The COVID-inspired rush to online teaching and learning had “profound impacts” on international students, Thinh Huynha and Ly Thi Tran (Deakin U) have found.
The researchers reviewed published research to identify what happened.
Positives included
- digitised study is a “key driver” for internationals to “become more active and independent”
- on-line real-time, classes “facilitate the acquisition of real-world authentic information”
- asynchronous digital classes lets students repeat content to “better navigate any language barriers”
Negatives:
- less informal interaction and failed peer discussion
- “digital illiteracy” including, “the unfamiliar experiences of using searching databases, on-line journals, and learning-help services”

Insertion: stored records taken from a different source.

lemma mgf_eq_SUP_truncated:
  assumes [measurable_cong]: "sets F = sets borel"
  shows "mgf F \<gamma> = (SUP n. \<integral>\<^sup>+b. ennreal (exp (\<gamma> * b)) * indicator {..real n} b \<partial>F)"
proof -
  have inc: "incseq (\<lambda>n b. ennreal (exp (\<gamma> * b)) * indicator {..real n} b)"
    by (intro incseq_SucI le_funI mult_left_mono) (auto split: split_indicator)
  have "(SUP n. ennreal (exp (\<gamma> * b)) * indicator {..real n} b) = ennreal (exp (\<gamma> * b))" for b
  proof (rule antisym)
    show "(SUP n. ennreal (exp (\<gamma> * b)) * indicator {..real n} b) \<le> ennreal (exp (\<gamma> * b))"
      by (intro SUP_least) (simp split: split_indicator)
    obtain n :: nat where "b \<le> real n" using real_arch_simple by blast
    then show "ennreal (exp (\<gamma> * b)) \<le> (SUP n. ennreal (exp (\<gamma> * b)) * indicator {..real n} b)"
      by (intro SUP_upper2[of n]) auto
  qed
  then have "mgf F \<gamma> = (\<integral>\<^sup>+b. (SUP n. ennreal (exp (\<gamma> * b)) * indicator {..real n} b) \<partial>F)"
    unfolding mgf_def by simp
  also have "\<dots> = (SUP n. \<integral>\<^sup>+b. ennreal (exp (\<gamma> * b)) * indicator {..real n} b \<partial>F)"
    by (rule nn_integral_monotone_convergence_SUP[OF inc]) measurable
  finally show ?thesis .
qed

lemma exp_le_exp_ereal: "ereal \<gamma> < g \<Longrightarrow> 0 < y \<Longrightarrow> ereal (exp (\<gamma> * y)) \<le> exp_ereal g y"
  by (cases g) (auto simp: exp_ereal_def)

section \<open>The lower bound\<close>

lemma sequentially_imp_eventually_at_top:
  fixes P :: "real \<Rightarrow> bool"
  assumes "\<And>xs. filterlim xs at_top sequentially \<Longrightarrow> eventually (\<lambda>n. P (xs n)) sequentially"
  shows "eventually P at_top"
proof (rule ccontr)
  assume "\<not> eventually P at_top"
  then have "\<forall>n::nat. \<exists>x. real n \<le> x \<and> \<not> P x"
    unfolding eventually_at_top_linorder by (meson order.refl)
  then obtain xs where xs: "\<And>n. real n \<le> xs n \<and> \<not> P (xs n)" by metis
  have "filterlim xs at_top sequentially"
    by (rule filterlim_at_top_mono[OF filterlim_real_sequentially]) (use xs in auto)
  then obtain n where "P (xs n)"
    using assms eventually_sequentially by (metis order.refl)
  with xs show False by blast
qed

lemma liminf_tail_ratio_ge_exp:
  assumes pos: "\<And>x. 0 < tail F x"
    and hyp: "\<And>y. 0 < y \<Longrightarrow> ereal (exp (\<gamma> * y)) \<le> Liminf at_top (\<lambda>x. ereal (tail F (x - y) / tail F x))"
    and xs: "filterlim xs at_top sequentially" and b: "0 \<le> b"
  shows "ennreal (exp (\<gamma> * b)) \<le> liminf (\<lambda>n. ennreal (tail F (xs n - b) / tail F (xs n)))"
proof (cases "b = 0")
  case True
  then have "(\<lambda>n. ennreal (tail F (xs n - b) / tail F (xs n))) = (\<lambda>n. 1)"
    using pos by (auto simp: less_imp_neq[symmetric])
  then show ?thesis using True by (simp add: Liminf_const)
next
  case False
  with b have "0 < b" by simp
  show ?thesis
  proof (subst le_Liminf_iff, intro allI impI)
    fix y :: ennreal assume y: "y < ennreal (exp (\<gamma> * b))"
    then obtain y0 where y0: "y = ennreal y0" "0 \<le> y0" "y0 < exp (\<gamma> * b)"
      by (cases y) (auto simp: ennreal_less_iff)
    have "ereal y0 < Liminf at_top (\<lambda>x. ereal (tail F (x - b) / tail F x))"
      using y0(3) hyp[OF \<open>0 < b\<close>] by (metis less_ereal.simps(1) order.strict_trans2)
    then have "eventually (\<lambda>x. ereal y0 < ereal (tail F (x - b) / tail F x)) at_top"
      by (rule less_LiminfD)
    then have "eventually (\<lambda>x. y0 < tail F (x - b) / tail F x) at_top"
      by simp
    then have "eventually (\<lambda>n. y0 < tail F (xs n - b) / tail F (xs n)) sequentially"
      using xs by (rule eventually_compose_filterlim)
    then show "eventually (\<lambda>n. y < ennreal (tail F (xs n - b) / tail F (xs n))) sequentially"
      by eventually_elim (use y0 in \<open>auto intro!: ennreal_lessI\<close>)
  qed
qed

lemma eventually_convolution_tail_ratio_gt:
  assumes F: "finite_measure F" and sF: "sets F = sets borel" and AE0: "AE x in F. 0 \<le> x"
    and pos: "\<And>x. 0 < tail F x"
    and hyp: "\<And>y. 0 < y \<Longrightarrow> ereal (exp (\<gamma> * y)) \<le> Liminf at_top (\<lambda>x. ereal (tail F (x - y) / tail F x))"
    and c: "ennreal c < (\<integral>\<^sup>+b. ennreal (exp (\<gamma> * b)) * indicator {..A} b \<partial>F)"
  shows "eventually (\<lambda>x. 2 * c < tail (F \<star> F) x / tail F x) at_top"
proof (rule sequentially_imp_eventually_at_top)
  fix xs :: "nat \<Rightarrow> real" assume xs: "filterlim xs at_top sequentially"
  note [measurable_cong] = sF
  note [measurable] = borel_measurable_tail_shift[OF F sF]
  define f where "f n b = ennreal (tail F (xs n - b) / tail F (xs n)) * indicator {..A} b" for n b
  have "AE b in F. ennreal (exp (\<gamma> * b)) * indicator {..A} b \<le> liminf (\<lambda>n. f n b)"
    using AE0
  proof eventually_elim
    case (elim b)
    then show ?case
      using liminf_tail_ratio_ge_exp[OF pos hyp xs elim] by (simp add: f_def split: split_indicator)
  qed
  then have "ennreal c < (\<integral>\<^sup>+b. liminf (\<lambda>n. f n b) \<partial>F)"
    using c by (simp add: order.strict_trans2 nn_integral_mono_AE)
  also have "\<dots> \<le> liminf (\<lambda>n. \<integral>\<^sup>+b. f n b \<partial>F)"
    by (rule nn_integral_liminf) (simp add: f_def)
  finally have "eventually (\<lambda>n. ennreal c < (\<integral>\<^sup>+b. f n b \<partial>F)) sequentially"
    by (rule less_LiminfD)
  moreover have "eventually (\<lambda>n. 2 * A < xs n) sequentially"
    by (rule eventually_compose_filterlim[OF eventually_gt_at_top xs])
  ultimately show "eventually (\<lambda>n. 2 * c < tail (F \<star> F) (xs n) / tail F (xs n)) sequentially"
  proof eventually_elim
    case (elim n)
    define T where "T = tail F (xs n)"
    have "0 < T" using pos by (simp add: T_def)
    have "f n b = ennreal (tail F (xs n - b)) * indicator {..A} b * ennreal (1 / T)" for b
      using \<open>0 < T\<close> by (simp add: f_def T_def divide_inverse ennreal_mult'' mult_ac tail_def)
    then have "(\<integral>\<^sup>+b. f n b \<partial>F)
        = (\<integral>\<^sup>+b. ennreal (tail F (xs n - b)) * indicator {..A} b \<partial>F) * ennreal (1 / T)"
      by (simp only:) (rule nn_integral_multc, measurable)
    then have "2 * ennreal c < 2 * (\<integral>\<^sup>+b. ennreal (tail F (xs n - b)) * indicator {..A} b \<partial>F) * ennreal (1 / T)"
      using elim(1) by (metis ennreal_mult_strict_left_mono mult.assoc ennreal_numeral_less_top zero_less_numeral)
    also have "\<dots> \<le> ennreal (tail (F \<star> F) (xs n)) * ennreal (1 / T)"
      by (rule mult_right_mono[OF tail_convolution_ge_truncated[OF F sF elim(2)]]) simp
    also have "\<dots> = ennreal (tail (F \<star> F) (xs n) / T)"
      using \<open>0 < T\<close> by (simp add: divide_inverse ennreal_mult'')
    finally have "ennreal (2 * c) < ennreal (tail (F \<star> F) (xs n) / T)"
      by (simp add: ennreal_mult')
    then show ?case
      unfolding T_def by (cases "0 \<le> c") (auto simp: ennreal_less_iff ennreal_neg)
  qed
qed

lemma Liminf_convolution_tail_ratio_ge:
  assumes F: "finite_measure F" and sF: "sets F = sets borel" and AE0: "AE x in F. 0 \<le> x"
    and pos: "\<And>x. 0 < tail F x"
    and hyp: "\<And>y. 0 < y \<Longrightarrow> exp_ereal (gamma_hat F) y \<le> Liminf at_top (\<lambda>x. ereal (tail F (x - y) / tail F x))"
  shows "2 * enn2ereal (mgf_hat F) \<le> Liminf at_top (\<lambda>x. ereal (tail (F \<star> F) x / tail F x))"
proof (subst le_Liminf_iff, intro allI impI)
  fix y :: ereal assume y: "y < 2 * enn2ereal (mgf_hat F)"
  have ratio_nonneg: "0 \<le> tail (F \<star> F) x / tail F x" for x
    using pos[of x] by (simp add: tail_def)
  show "eventually (\<lambda>x. y < ereal (tail (F \<star> F) x / tail F x)) at_top"
  proof (cases "y < 0")
    case True
    then show ?thesis using ratio_nonneg by (auto intro!: always_eventually order.strict_trans2[of y 0])
  next
    case False
    with y obtain r where "y = ereal r" "0 \<le> r" by (cases y) auto
    define c where "c = r / 2"
    have y_eq: "y = ereal (2 * c)" and "0 \<le> c"
      using \<open>y = ereal r\<close> \<open>0 \<le> r\<close> by (simp_all add: c_def)
    have "ennreal c < mgf_hat F"
      using y \<open>0 \<le> c\<close> unfolding y_eq by (cases "mgf_hat F") (auto simp: ennreal_less_iff)
    then obtain \<gamma> where \<gamma>: "ereal \<gamma> < gamma_hat F" and "ennreal c < mgf F \<gamma>"
      unfolding mgf_hat_def less_SUP_iff by auto
    then obtain n :: nat where "ennreal c < (\<integral>\<^sup>+b. ennreal (exp (\<gamma> * b)) * indicator {..real n} b \<partial>F)"
      unfolding mgf_eq_SUP_truncated[OF sF] less_SUP_iff by auto
    then have "eventually (\<lambda>x. 2 * c < tail (F \<star> F) x / tail F x) at_top"
      using exp_le_exp_ereal[OF \<gamma>] hyp
      by (intro eventually_convolution_tail_ratio_gt[OF F sF AE0 pos]) (blast intro: order.trans)
    then show ?thesis by eventually_elim (simp add: y_eq)
  qed
qed

section \<open>The upper bound\<close>

lemma nn_integral_layer_cake:
  fixes G :: "real \<Rightarrow> real"
  assumes "finite_measure M" and [measurable_cong]: "sets M = sets borel"
    and [measurable]: "G \<in> borel_measurable borel" and G_nonneg: "\<And>z. 0 \<le> G z"
  shows "(\<integral>\<^sup>+z. ennreal (G z) \<partial>M) = (\<integral>\<^sup>+t. (\<integral>\<^sup>+z. indicator {0..<G z} t \<partial>M) \<partial>lborel)"
proof -
  interpret finite_measure M by fact
  interpret pair_sigma_finite M lborel by unfold_locales
  have "(\<lambda>(z, t). indicator {0..<G z} t :: ennreal) \<in> borel_measurable (M \<Otimes>\<^sub>M lborel)"
    by (simp add: indicator_def)
  then have "(\<integral>\<^sup>+z. (\<integral>\<^sup>+t. indicator {0..<G z} t \<partial>lborel) \<partial>M)
      = (\<integral>\<^sup>+t. (\<integral>\<^sup>+z. indicator {0..<G z} t \<partial>M) \<partial>lborel)"
    using Fubini'[of "\<lambda>z t. indicator {0..<G z} t"] by simp
  then show ?thesis
    using G_nonneg by (simp add: emeasure_lborel_Ico)
qed

lemma nn_integral_cmult_le_of_superlevel_sets:
  fixes G :: "real \<Rightarrow> real"
  assumes "finite_measure M" and [measurable_cong]: "sets M = sets borel"
    and "finite_measure N" and [measurable_cong]: "sets N = sets borel"
    and [measurable]: "G \<in> borel_measurable borel" and G_nonneg: "\<And>z. 0 \<le> G z"
    and superlevel: "\<And>t. 0 \<le> t \<Longrightarrow> ennreal K * emeasure N {z. t < G z} \<le> emeasure M {z. t < G z}"
  shows "ennreal K * (\<integral>\<^sup>+z. ennreal (G z) \<partial>N) \<le> (\<integral>\<^sup>+z. ennreal (G z) \<partial>M)"
proof -
  interpret N: finite_measure N by fact
  have "(\<lambda>(t, z). indicator {0..<G z} t :: ennreal) \<in> borel_measurable (lborel \<Otimes>\<^sub>M N)"
    by (simp add: indicator_def)
  then have [measurable]: "(\<lambda>t. \<integral>\<^sup>+z. indicator {0..<G z} t \<partial>N) \<in> borel_measurable lborel"
    using N.borel_measurable_nn_integral[of "\<lambda>t z. indicator {0..<G z} t"] by simp
  have inner: "(\<integral>\<^sup>+z. indicator {0..<G z} t \<partial>L) = indicator {0..} t * emeasure L {z. t < G z}"
    if "sets L = sets borel" for L :: "real measure" and t
  proof -
    have "(\<integral>\<^sup>+z. indicator {0..<G z} t \<partial>L) = (\<integral>\<^sup>+z. indicator {0..} t * indicator {z. t < G z} z \<partial>L)"
      by (rule nn_integral_cong) (simp split: split_indicator)
    also have "\<dots> = indicator {0..} t * emeasure L {z. t < G z}"
      by (rule nn_integral_cmult_indicator) (use that in simp)
    finally show ?thesis .
  qed
  have "ennreal K * (\<integral>\<^sup>+z. ennreal (G z) \<partial>N)
      = (\<integral>\<^sup>+t. ennreal K * (\<integral>\<^sup>+z. indicator {0..<G z} t \<partial>N) \<partial>lborel)"
    unfolding nn_integral_layer_cake[OF assms(3,4,5) G_nonneg] by (rule nn_integral_cmult[symmetric]) simp
  also have "\<dots> \<le> (\<integral>\<^sup>+t. (\<integral>\<^sup>+z. indicator {0..<G z} t \<partial>M) \<partial>lborel)"
    using superlevel
    by (intro nn_integral_mono) (auto simp: inner assms(2,4) mult.left_commute split: split_indicator)
  also have "\<dots> = (\<integral>\<^sup>+z. ennreal (G z) \<partial>M)"
    by (rule nn_integral_layer_cake[symmetric]) fact+
  finally show ?thesis .
qed

lemma superlevel_set_eq_greaterThan:
  fixes \<psi> :: "real \<Rightarrow> real"
  assumes mono: "mono \<psi>" and strict: "\<And>a b. c \<le> a \<Longrightarrow> a < b \<Longrightarrow> \<psi> a < \<psi> b"
    and cont: "continuous_on UNIV \<psi>" and "c \<le> b" "\<psi> c + t \<le> \<psi> b" "0 \<le> t"
  obtains q where "c \<le> q" "{z. t < max 0 (\<psi> z - \<psi> c)} = {q<..}"
proof -
  obtain q where q: "c \<le> q" "\<psi> q = \<psi> c + t"
    using IVT'[of \<psi> c "\<psi> c + t" b] assms continuous_on_subset[OF cont] by auto
  have "{z. t < max 0 (\<psi> z - \<psi> c)} = {q<..}"
  proof (intro set_eqI iffI)
    fix z assume "z \<in> {z. t < max 0 (\<psi> z - \<psi> c)}"
    then have "\<psi> q < \<psi> z" using q \<open>0 \<le> t\<close> by auto
    then show "z \<in> {q<..}" using mono unfolding mono_def by (meson greaterThan_iff not_le)
  next
    fix z assume "z \<in> {q<..}"
    then have "\<psi> q < \<psi> z" using strict[OF q(1)] by auto
    then show "z \<in> {z. t < max 0 (\<psi> z - \<psi> c)}" using q by auto
  qed
  with q that show ?thesis by blast
qed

- fatigue and anxiety from too-much time on-line
Opportunities:
- students from multi-countries cooperating on experiments
- choosing when to take asynchronous classes
- choosing preferred modes of expression, good for students from cultures that prefer writing to speaking
Key challenges
- “on-line learning is not culturally neutral because of the central paradox between the diversity of international students and the homogeneousness of epistemologies, teaching philosophies, and learning objectives”
- slow, unstable, insecure, expensive Internet connections
- time-zones
The take-out: “invest in human resources, especially digital literacy, to ensure that international students are placed at the centre of the digitalisation.”